■ Exercise description: Would you return, word for word, the lines of the data below from the line with "h. (\<And>k. cmod" through the line with "unfolding trig_polys_def fourier_sum_def", and no others?

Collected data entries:
(* Let $f\in\mathcal S_{\mathbf M}$ and $n\in\mathbb N$, and let $\|\cdot\|$ denote either the Luxemburg norm $\|\cdot\|_{\mathbf M}$ or the Orlicz norm $\|\cdot\|^*_{\mathbf M}$. Then $$E_n(f):=\inf_{t_{n-1}\in\mathcal T_{n-1}}\|f-t_{n-1}\|=\|f-S_{n-1}(f)\|,$$ where $S_{n-1}(f)(x)=\sum_{|k|\le n-1}\widehat f(k)e^{\mathrm{i}kx}$ is the Fourier sum of $f$.
   Context: $L$ is the space of $2\pi$-periodic Lebesgue integrable functions, with Fourier coefficients $\widehat f(k)=(2\pi)^{-1}\int_0^{2\pi}f(x)e^{-\mathrm{i}kx}\,dx$, $k\in\mathbb Z$. Let $\mathbf M=\{M_k\}_{k\in\mathbb Z}$ be a sequence of Orlicz functions on $[0,\infty)$ (each $M_k$ nondecreasing and convex, $M_k(0)=0$, $M_k(u)\to\infty$ as $u\to\infty$). $\mathcal S_{\mathbf M}$ is the space of all $f\in L$ whose Luxemburg norm $\|f\|_{\mathbf M}=\inf\{a>0:\sum_{k\in\mathbb Z}M_k(|\widehat f(k)|/a)\le 1\}$ is finite (functions $f,g$ with $\|f-g\|_{\mathbf M}=0$ are identified). With $\tilde M_k(v)=\sup\{uv-M_k(u):u\ge0\}$, let $\Lambda$ be the set of sequences $\lambda=\{\lambda_k\}_{k\in\mathbb Z}$ of positive numbers with $\sum_k\tilde M_k(\lambda_k)\le1$; the Orlicz norm is $\|f\|^*_{\mathbf M}=\sup\{\sum_{k\in\mathbb Z}\lambda_k|\widehat f(k)|:\lambda\in\Lambda\}$. $\mathcal T_{m}$ denotes the set of trigonometric polynomials $\sum_{|k|\le m}c_ke^{\mathrm{i}kx}$ with arbitrary complex $c_k$. *)

theory Defs
  imports "HOL-Analysis.Analysis"
begin

definition in_L :: "(real \<Rightarrow> complex) \<Rightarrow> bool" where
  "in_L f \<longleftrightarrow> (\<forall>x. f (x + 2 * pi) = f x) \<and> f absolutely_integrable_on {0..2 * pi}"

definition fourier_coeff :: "(real \<Rightarrow> complex) \<Rightarrow> int \<Rightarrow> complex" where
  "fourier_coeff f k =
     integral {0..2 * pi} (\<lambda>x. f x * exp (- \<i> * of_int k * of_real x)) / of_real (2 * pi)"

definition orlicz_function :: "(real \<Rightarrow> real) \<Rightarrow> bool" where
  "orlicz_function M \<longleftrightarrow> mono_on {0..} M \<and> convex_on {0..} M \<and> M 0 = 0
     \<and> filterlim M at_top at_top"

text \<open>Complementary function, possibly infinite (values in ennreal; it is always \<ge> 0).\<close>
definition compl_fun :: "(real \<Rightarrow> real) \<Rightarrow> real \<Rightarrow> ennreal" where
  "compl_fun M v = (SUP u\<in>{0..}. ennreal (u * v - M u))"

text \<open>Luxemburg norm (infinite when no admissible a exists).\<close>
definition lux_norm :: "(int \<Rightarrow> real \<Rightarrow> real) \<Rightarrow> (real \<Rightarrow> complex) \<Rightarrow> ennreal" where
  "lux_norm M f = (INF a\<in>{a::real. a > 0 \<and>
       infsum (\<lambda>k. ennreal (M k (cmod (fourier_coeff f k) / a))) UNIV \<le> 1}. ennreal a)"

definition Lambda_set :: "(int \<Rightarrow> real \<Rightarrow> real) \<Rightarrow> (int \<Rightarrow> real) set" where
  "Lambda_set M = {lam. (\<forall>k. lam k > 0) \<and> infsum (\<lambda>k. compl_fun (M k) (lam k)) UNIV \<le> 1}"

definition orlicz_norm :: "(int \<Rightarrow> real \<Rightarrow> real) \<Rightarrow> (real \<Rightarrow> complex) \<Rightarrow> ennreal" where
  "orlicz_norm M f = (SUP lam\<in>Lambda_set M.
       infsum (\<lambda>k. ennreal (lam k * cmod (fourier_coeff f k))) UNIV)"

definition S_M :: "(int \<Rightarrow> real \<Rightarrow> real) \<Rightarrow> (real \<Rightarrow> complex) set" where
  "S_M M = {f. in_L f \<and> lux_norm M f < \<infinity>}"

definition trig_polys :: "int \<Rightarrow> (real \<Rightarrow> complex) set" where
  "trig_polys m = {t. \<exists>c::int \<Rightarrow> complex.
      t = (\<lambda>x. \<Sum>k\<in>{-m..m}. c k * exp (\<i> * of_int k * of_real x))}"

definition fourier_sum :: "int \<Rightarrow> (real \<Rightarrow> complex) \<Rightarrow> real \<Rightarrow> complex" where
  "fourier_sum m f x = (\<Sum>k\<in>{-m..m}. fourier_coeff f k * exp (\<i> * of_int k * of_real x))"

end

theory Submission imports Defs begin

text \<open>Subtracting a trigonometric polynomial t of degree m from f changes only the Fourier
  coefficients with index in [-m, m], and the Fourier sum S_m f makes exactly these zero.
  Hence every coefficient of f - S_m f has modulus at most that of the corresponding
  coefficient of f - t. Both the Luxemburg and the Orlicz norm depend monotonically on the
  moduli of the Fourier coefficients, so f - S_m f has the least norm among all f - t.\<close>

lemma has_integral_exp_int:
  fixes j :: int
  shows "((\<lambda>x::real. exp (\<i> * of_int j * of_real x))
           has_integral (if j = 0 then of_real (2 * pi) else 0)) {0..2 * pi}"
proof (cases "j = 0")
  case True
  then show ?thesis
    using has_integral_const_real[of "1::complex" 0 "2 * pi"] by (simp add: scaleR_conv_of_real)
next
  case False
  define F where "F = (\<lambda>x::real. exp (\<i> * of_int j * of_real x) / (\<i> * of_int j))"
  have "(F has_vector_derivative exp (\<i> * of_int j * of_real x)) (at x within {0..2 * pi})"
    for x
  proof -
    have "((\<lambda>z. exp (\<i> * of_int j * z) / (\<i> * of_int j))
           has_field_derivative exp (\<i> * of_int j * of_real x)) (at (of_real x))"
      using False by (auto intro!: derivative_eq_intros simp: field_simps)
    from has_vector_derivative_real_field[OF this] show ?thesis
      unfolding F_def by simp
  qed
  then have "((\<lambda>x::real. exp (\<i> * of_int j * of_real x)) has_integral (F (2 * pi) - F 0))
               {0..2 * pi}"
    by (intro fundamental_theorem_of_calculus) auto
  moreover have "exp (\<i> * of_int j * of_real (2 * pi)) = 1"
    using exp_integer_2pi[of "of_int j"] by (simp add: mult_ac)
  ultimately show ?thesis
    using False by (simp add: F_def)
qed

lemma has_integral_trig_poly_times_exp:
  fixes c :: "int \<Rightarrow> complex" and m k :: int
  shows "((\<lambda>x::real. (\<Sum>j\<in>{-m..m}. c j * exp (\<i> * of_int j * of_real x))
                      * exp (- \<i> * of_int k * of_real x))
           has_integral (if k \<in> {-m..m} then c k * of_real (2 * pi) else 0)) {0..2 * pi}"
proof -
  have exp_diff: "exp (\<i> * of_int j * of_real x) * exp (- \<i> * of_int k * of_real x)
                  = exp (\<i> * of_int (j - k) * of_real x)" for j and x :: real
    by (simp add: exp_add[symmetric] algebra_simps)
  have "((\<lambda>x::real. \<Sum>j\<in>{-m..m}. c j * exp (\<i> * of_int (j - k) * of_real x))
          has_integral (\<Sum>j\<in>{-m..m}. c j * (if j - k = 0 then of_real (2 * pi) else 0)))
          {0..2 * pi}"
    by (intro has_integral_sum finite_atLeastAtMost_int has_integral_mult_right
        has_integral_exp_int)
  moreover have "(\<Sum>j\<in>{-m..m}. c j * (if j - k = 0 then (of_real (2 * pi)::complex) else 0))
                 = (if k \<in> {-m..m} then c k * of_real (2 * pi) else 0)"
    by (simp add: if_distrib[of "\<lambda>z. c _ * z"] sum.delta cong: if_cong)
  moreover have "(\<Sum>j\<in>{-m..m}. c j * exp (\<i> * of_int j * of_real x))
                   * exp (- \<i> * of_int k * of_real x)
                 = (\<Sum>j\<in>{-m..m}. c j * exp (\<i> * of_int (j - k) * of_real x))" for x :: real
    unfolding sum_distrib_right by (rule sum.cong[OF refl]) (metis exp_diff mult.assoc)
  ultimately show ?thesis
    by simp
qed

lemma integrable_times_exp:
  assumes "in_L f"
  shows "(\<lambda>x. f x * exp (- \<i> * of_int k * of_real x)) integrable_on {0..2 * pi}"
proof -
  have "(\<lambda>x. exp (- \<i> * of_int k * of_real x) * f x) absolutely_integrable_on {0..2 * pi}"
  proof (rule absolutely_integrable_bounded_measurable_product[OF bilinear_times])
    show "(\<lambda>x::real. exp (- \<i> * of_int k * of_real x)) \<in> borel_measurable (lebesgue_on {0..2 * pi})"
      by (intro continuous_imp_measurable_on_sets_lebesgue continuous_intros) auto
    show "bounded ((\<lambda>x::real. exp (- \<i> * of_int k * of_real x)) ` {0..2 * pi})"
      by (rule bounded_subset[OF bounded_cball[of 0 1]]) (auto simp: norm_exp)
  qed (use assms in \<open>auto simp: in_L_def\<close>)
  then show ?thesis
    by (simp add: mult.commute set_lebesgue_integral_eq_integral(1))
qed

lemma fourier_coeff_diff_trig_poly:
  fixes c :: "int \<Rightarrow> complex" and m k :: int
  assumes "in_L f"
  shows "fourier_coeff (\<lambda>x. f x - (\<Sum>j\<in>{-m..m}. c j * exp (\<i> * of_int j * of_real x))) k
         = fourier_coeff f k - (if k \<in> {-m..m} then c k else 0)"
  unfolding fourier_coeff_def left_diff_distrib
  using integral_diff[OF integrable_times_exp[OF assms]
      has_integral_integrable[OF has_integral_trig_poly_times_exp[of c m k]]]
    integral_unique[OF has_integral_trig_poly_times_exp[of c m k]]
  by (simp add: diff_divide_distrib)

lemma norm_fourier_coeff_diff_fourier_sum_le:
  assumes "in_L f" and "t \<in> trig_polys m"
  shows "cmod (fourier_coeff (\<lambda>x. f x - fourier_sum m f x) k)
         \<le> cmod (fourier_coeff (\<lambda>x. f x - t x) k)"
proof -
  obtain c where t: "t = (\<lambda>x. \<Sum>j\<in>{-m..m}. c j * exp (\<i> * of_int j * of_real x))"
    using assms(2) unfolding trig_polys_def by blast
  show ?thesis
    unfolding t fourier_sum_def fourier_coeff_diff_trig_poly[OF assms(1)]
    by (cases "k \<in> {-m..m}") simp_all
qed

lemma fourier_sum_minimizes:
  fixes N :: "(real \<Rightarrow> complex) \<Rightarrow> 'a::complete_lattice"
  assumes "in_L f"
    and N_mono: "\<And>g h. (\<And>k. cmod (fourier_coeff g k) \<le> cmod (fourier_coeff h k)) \<Longrightarrow> N g \<le> N h"
  shows "(INF t\<in>trig_polys m. N (\<lambda>x. f x - t x)) = N (\<lambda>x. f x - fourier_sum m f x)"
proof (rule antisym)
  have "fourier_sum m f \<in> trig_polys m"
    unfolding trig_polys_def fourier_sum_def by blast
  then show "(INF t\<in>trig_polys m. N (\<lambda>x. f x - t x)) \<le> N (\<lambda>x. f x - fourier_sum m f x)"
    by (rule INF_lower)
  show "N (\<lambda>x. f x - fourier_sum m f x) \<le> (INF t\<in>trig_polys m. N (\<lambda>x. f x - t x))"
    using norm_fourier_coeff_diff_fourier_sum_le[OF assms(1)] by (blast intro: INF_greatest N_mono)
qed

lemma lux_norm_mono:
  assumes M: "\<And>k. mono_on {0..} (M k)"
    and le: "\<And>k. cmod (fourier_coeff g k) \<le> cmod (fourier_coeff h k)"
  shows "lux_norm M g \<le> lux_norm M h"
  unfolding lux_norm_def
proof (rule INF_mono)
  fix a
  assume a: "a \<in> {a. a > 0 \<and> infsum (\<lambda>k. ennreal (M k (cmod (fourier_coeff h k) / a))) UNIV \<le> 1}"
  have "M k (cmod (fourier_coeff g k) / a) \<le> M k (cmod (fourier_coeff h k) / a)" for k
    using a le[of k] by (intro mono_onD[OF M]) (auto simp: divide_right_mono)
  then have "infsum (\<lambda>k. ennreal (M k (cmod (fourier_coeff g k) / a))) UNIV
             \<le> infsum (\<lambda>k. ennreal (M k (cmod (fourier_coeff h k) / a))) UNIV"
    by (intro infsum_mono nonneg_summable_on_complete ennreal_leI) auto
  with a show "\<exists>a'\<in>{a. a > 0 \<and> infsum (\<lambda>k. ennreal (M k (cmod (fourier_coeff g k) / a))) UNIV \<le> 1}.
                 ennreal a' \<le> ennreal a"
    by (auto intro: order_trans)
qed

lemma orlicz_norm_mono:
  assumes le: "\<And>k. cmod (fourier_coeff g k) \<le> cmod (fourier_coeff h k)"
  shows "orlicz_norm M g \<le> orlicz_norm M h"
  unfolding orlicz_norm_def
proof (rule SUP_mono)
  fix lam
  assume lam: "lam \<in> Lambda_set M"
  then have "lam k * cmod (fourier_coeff g k) \<le> lam k * cmod (fourier_coeff h k)" for k
    using le[of k] by (intro mult_left_mono) (auto simp: Lambda_set_def less_imp_le)
  then have "infsum (\<lambda>k. ennreal (lam k * cmod (fourier_coeff g k))) UNIV
             \<le> infsum (\<lambda>k. ennreal (lam k * cmod (fourier_coeff h k))) UNIV"
    by (intro infsum_mono nonneg_summable_on_complete ennreal_leI) auto
  with lam show "\<exists>lam'\<in>Lambda_set M. infsum (\<lambda>k. ennreal (lam k * cmod (fourier_coeff g k))) UNIV
                   \<le> infsum (\<lambda>k. ennreal (lam' k * cmod (fourier_coeff h k))) UNIV"
    by blast
qed

theorem lemma2:
  fixes M :: "int \<Rightarrow> real \<Rightarrow> real" and f :: "real \<Rightarrow> complex" and n :: nat
  assumes "\<forall>k. orlicz_function (M k)"
    and "f \<in> S_M M"
    and "n \<ge> 1"
  shows "(INF t\<in>trig_polys (int n - 1). lux_norm M (\<lambda>x. f x - t x))
           = lux_norm M (\<lambda>x. f x - fourier_sum (int n - 1) f x)
       \<and> (INF t\<in>trig_polys (int n - 1). orlicz_norm M (\<lambda>x. f x - t x))
           = orlicz_norm M (\<lambda>x. f x - fourier_sum (int n - 1) f x)"
proof -
  have f: "in_L f"
    using assms(2) by (simp add: S_M_def)
  have M_mono: "mono_on {0..} (M k)" for k
    using assms(1) by (simp add: orlicz_function_def)
  have "(INF t\<in>trig_polys m. lux_norm M (\<lambda>x. f x - t x))
          = lux_norm M (\<lambda>x. f x - fourier_sum m f x)" for m
    by (rule fourier_sum_minimizes[OF f lux_norm_mono[OF M_mono]])
  moreover have "(INF t\<in>trig_polys m. orlicz_norm M (\<lambda>x. f x - t x))
                   = orlicz_norm M (\<lambda>x. f x - fourier_sum m f x)" for m
    by (rule fourier_sum_minimizes[OF f orlicz_norm_mono])
  ultimately show ?thesis
    by blast
qed

end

■ Reply:
    and N_mono: "\<And>g h. (\<And>k. cmod (fourier_coeff g k) \<le> cmod (fourier_coeff h k)) \<Longrightarrow> N g \<le> N h"
  shows "(INF t\<in>trig_polys m. N (\<lambda>x. f x - t x)) = N (\<lambda>x. f x - fourier_sum m f x)"
proof (rule antisym)
  have "fourier_sum m f \<in> trig_polys m"
    unfolding trig_polys_def fourier_sum_def by blast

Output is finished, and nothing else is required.